The approaches outlined below sometimes work. The trouble is that
they work just enough to keep us hooked into believing that they
work unconditionally. We might never conclude that when continually
repeated, they not only don’t work, but most often intensify
the very behaviors and attitudes we are trying to change. The
following lists contain most of the comments you’ve heard
frustrated parents pass to their unruly children. Maybe
you’ve heard yourself say these, too?

These approaches fail because they just do not work long term, regardless of your presentation skills, your unassailable logic, or the purity of your motivation. It seems to be a law of human nature: Humans cannot cooperate in the face of continual Unsolicited Lectures, Taking The Moral Highly Ground, Self Sacrifice/Denial, and expectations that say, “You really ought to want to!”
Unsolicited Lectures
This approach includes anything offered “for your own
good!”
* Nagging
* Hints
* Encouragements- “Why don't you just try to...”
* Begging, Pleading, Justifying,
* Appealing to Logic or to Common Sense
* Any written material Strategically Left Around or Read Out
Loud
* Any Silent, Long-Suffering, or Angry “Look at How Patiently
and Bravely I am Not Saying or Noticing Anything” Approaches,
Repeated and/or Escalating Punishments Often Result in More of the
Same, or an Escalation of, Problem Behaviors.
Taking The Moral High Ground
Observing from a superior position, especially when using
“unassailable” logic, moral outrage, or righteous
indignation. Commenting as if the speaker controls the truth about
how things “really” are or how they are
“supposed” to be. Acting as if one has knowledge,
abilities, or a set of morals in which another is clearly
deficient.
* “If you were really committed...”
* “Surely you could see that if you...”
* “Why can't anyone realize that...”
* “Anyone with any sense...”
* “After all I've done...”
* “Look how sick I've made myself by worrying
about...”
* “I'll help you if you do exactly what I want.”

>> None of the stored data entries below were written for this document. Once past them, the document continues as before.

text \<open>The automorphism \<open>\<sigma>\<close> restricts to an involution of the quadratic subfield, so
  \<open>\<sigma> u\<^sub>l = \<plusminus>u\<^sub>l\<^sup>e\<close> with \<open>e = \<plusminus>1\<close> and \<open>LOG u\<^sub>l = W\<^sub>1 (1, e, 1, e)\<close>; the norm condition gives
  \<open>LOG u\<^sub>0 = (W\<^sub>2, W\<^sub>3, -W\<^sub>2, -W\<^sub>3)\<close>, and \<open>LOG (\<sigma> u\<^sub>0)\<close> is its cyclic shift. The six coefficients
  of \<open>w\<close> then pair up: \<open>w\<^sub>0\<^sub>1 + w\<^sub>2\<^sub>3\<close> and \<open>w\<^sub>0\<^sub>3 - w\<^sub>1\<^sub>2\<close> equal \<open>\<mp>2 n\<^sub>3 (W\<^sub>2\<^sup>2 + W\<^sub>3\<^sup>2)\<close>, which gives (i),
  while \<open>w\<^sub>0\<^sub>1 - w\<^sub>2\<^sub>3, w\<^sub>0\<^sub>3 + w\<^sub>1\<^sub>2, w\<^sub>0\<^sub>2, w\<^sub>1\<^sub>3\<close> involve only \<open>A + i B = (n\<^sub>1 - i n\<^sub>2)(W\<^sub>2 + i W\<^sub>3)\<close>
  and sum to \<open>2 W\<^sub>1 (2 max \<bar>A\<bar> \<bar>B\<bar> + \<bar>A\<bar> + \<bar>B\<bar>)\<close>. For (ii) it remains to see that
  multiplication by a nonzero Gaussian integer does not decrease \<open>2 max \<bar>a\<bar> \<bar>b\<bar> + \<bar>a\<bar> + \<bar>b\<bar>\<close>.\<close>

lemma real_subfield_zero: "real_subfield K \<Longrightarrow> 0 \<in> K"
  and real_subfield_one: "real_subfield K \<Longrightarrow> 1 \<in> K"
  and real_subfield_add: "real_subfield K \<Longrightarrow> x \<in> K \<Longrightarrow> y \<in> K \<Longrightarrow> x + y \<in> K"
  and real_subfield_mult: "real_subfield K \<Longrightarrow> x \<in> K \<Longrightarrow> y \<in> K \<Longrightarrow> x * y \<in> K"
  and real_subfield_uminus: "real_subfield K \<Longrightarrow> x \<in> K \<Longrightarrow> - x \<in> K"
  and real_subfield_inverse: "real_subfield K \<Longrightarrow> x \<in> K \<Longrightarrow> inverse x \<in> K"
  unfolding real_subfield_def by (simp_all, metis inverse_zero)

lemma real_subfield_diff: "real_subfield K \<Longrightarrow> x \<in> K \<Longrightarrow> y \<in> K \<Longrightarrow> x - y \<in> K"
  by (metis diff_conv_add_uminus real_subfield_add real_subfield_uminus)

lemma real_subfield_divide: "real_subfield K \<Longrightarrow> x \<in> K \<Longrightarrow> y \<in> K \<Longrightarrow> x / y \<in> K"
  by (metis divide_inverse real_subfield_inverse real_subfield_mult)

lemma real_subfield_of_nat: "real_subfield K \<Longrightarrow> real n \<in> K"
  by (induction n) (auto intro: real_subfield_add real_subfield_zero real_subfield_one)

lemma real_subfield_of_int: "real_subfield K \<Longrightarrow> real_of_int n \<in> K"
  by (cases n) (auto intro: real_subfield_of_nat real_subfield_diff real_subfield_one real_subfield_uminus)

lemma real_subfield_Rats: "real_subfield K \<Longrightarrow> r \<in> \<rat> \<Longrightarrow> r \<in> K"
  by (auto elim!: Rats_cases' intro!: real_subfield_divide real_subfield_of_int)

lemma real_subfield_power: "real_subfield K \<Longrightarrow> x \<in> K \<Longrightarrow> x ^ n \<in> K"
  by (induction n) (auto intro: real_subfield_mult real_subfield_one)

lemma real_subfield_power_int: "real_subfield K \<Longrightarrow> x \<in> K \<Longrightarrow> x powi n \<in> K"
  unfolding power_int_def by (auto intro: real_subfield_power real_subfield_inverse)

text \<open>Among \<open>1, u, u\<^sup>2\<close> in a two-dimensional \<open>\<rat>\<close>-space there is a linear relation; its
  coefficients are the \<open>2 \<times> 2\<close> minors of the coordinate matrix.\<close>
lemma rat_dim_2_quadratic_relation:
  assumes "rat_dim K 2" "1 \<in> K" "u \<in> K" "u * u \<in> K"
  shows "u \<in> \<rat> \<or> (\<exists>a\<in>\<rat>. \<exists>c\<in>\<rat>. u * u = a * u + c)"
proof -
  obtain b :: "nat \<Rightarrow> real" where K: "K = {(\<Sum>i<2. q i * b i) | q. \<forall>i<2. q i \<in> \<rat>}"
    using assms(1) unfolding rat_dim_def by blast
  have coords: "\<exists>s\<in>\<rat>. \<exists>t\<in>\<rat>. x = s * b 0 + t * b 1" if x: "x \<in> K" for x
  proof -
    obtain q where "x = (\<Sum>i<2. q i * b i)" "\<forall>i<2. q i \<in> \<rat>"
      using x by (subst (asm) K) blast
    then show ?thesis by (auto simp: numeral_2_eq_2)
  qed
  obtain p0 p1 where p: "p0 \<in> \<rat>" "p1 \<in> \<rat>" "1 = p0 * b 0 + p1 * b 1"
    using coords assms(2) by blast
  obtain q0 q1 where q: "q0 \<in> \<rat>" "q1 \<in> \<rat>" "u = q0 * b 0 + q1 * b 1"
    using coords assms(3) by blast
  obtain r0 r1 where r: "r0 \<in> \<rat>" "r1 \<in> \<rat>" "u * u = r0 * b 0 + r1 * b 1"
    using coords assms(4) by blast
  define d where "d = p0 * q1 - p1 * q0"
  show ?thesis
  proof (cases "d = 0")
    case False
    define A C where "A = p0 * r1 - p1 * r0" and "C = q0 * r1 - q1 * r0"
    have "C * 1 - A * u + d * (u * u) = 0"
      unfolding A_def C_def d_def by (subst p(3), subst q(3), subst r(3)) algebra
    then have "u * u = A / d * u + (- C / d)"
      using False by (simp add: field_simps)
    moreover have "A / d \<in> \<rat>" "- C / d \<in> \<rat>"
      unfolding A_def C_def d_def using p q r by auto
    ultimately show ?thesis by blast
  next
    case True
    consider "p0 \<noteq> 0" | "p1 \<noteq> 0" using p(3) by fastforce
    then show ?thesis
    proof cases
      case 1
      have "u = (q0 / p0) * (p0 * b 0 + p1 * b 1)"
        using True 1 unfolding q(3) d_def by (simp add: field_simps)
      then show ?thesis using p q by (auto simp flip: p(3))
    next
      case 2
      have "u = (q1 / p1) * (p0 * b 0 + p1 * b 1)"
        using True 2 unfolding q(3) d_def by (simp add: field_simps)
      then show ?thesis using p q by (auto simp flip: p(3))
    qed
  qed
qed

* “I will continue protecting you for as long as you behave
the way I want you to behave.”
Using this technique puts the target into the position of having to
question his own judgment. Since he cannot access your judgment,
except through you, this leaves him a prisoner to your
pseudo-superior judgment. Your judgment cannot replace his.
Self Sacrifice Denial
Any technique that attempts to encourage change in another by
denying something for yourself, as if equity means that you have to
invest more than anyone else involved in the transaction:
* Keeping the Peace
* Tiptoeing So Others Won’t Be Upset Or Angry
* Putting the Happiness of Others Before Your Own
* Justifying Yourself
* Protecting Others From the Consequences Of Their Own
Actions
* Putting Your Own Life on Hold
* Hoping the Other Will Change
* Trying to Please Somebody/Everybody
“You Really Ought To Want To!”
Where a person or a group tries to make another change, demanding
that they do it because they want to do it.
* “You ought to want to please me.”
* “All ya gotta do is...”
* “I want you to show the enthusiasm I know you’re
hiding inside.”
* “You helped resolve the problem, but I would have
* preferred that you chose to do it willingly.”
Trying to make somebody more responsible, more expressive, more
reasonable, more thoughtful, more considerate, more assertive,
etc., is an invitation for them to be obedient to your definition
of how they should be, regardless of your actual intention. These
rarely, if ever, work. They elicit at best obedience. By far the
most likely response will be an increasing inability to respond,
disobedience, anger, withdrawal, resentment, and failure.
Most people do not like to be obedient.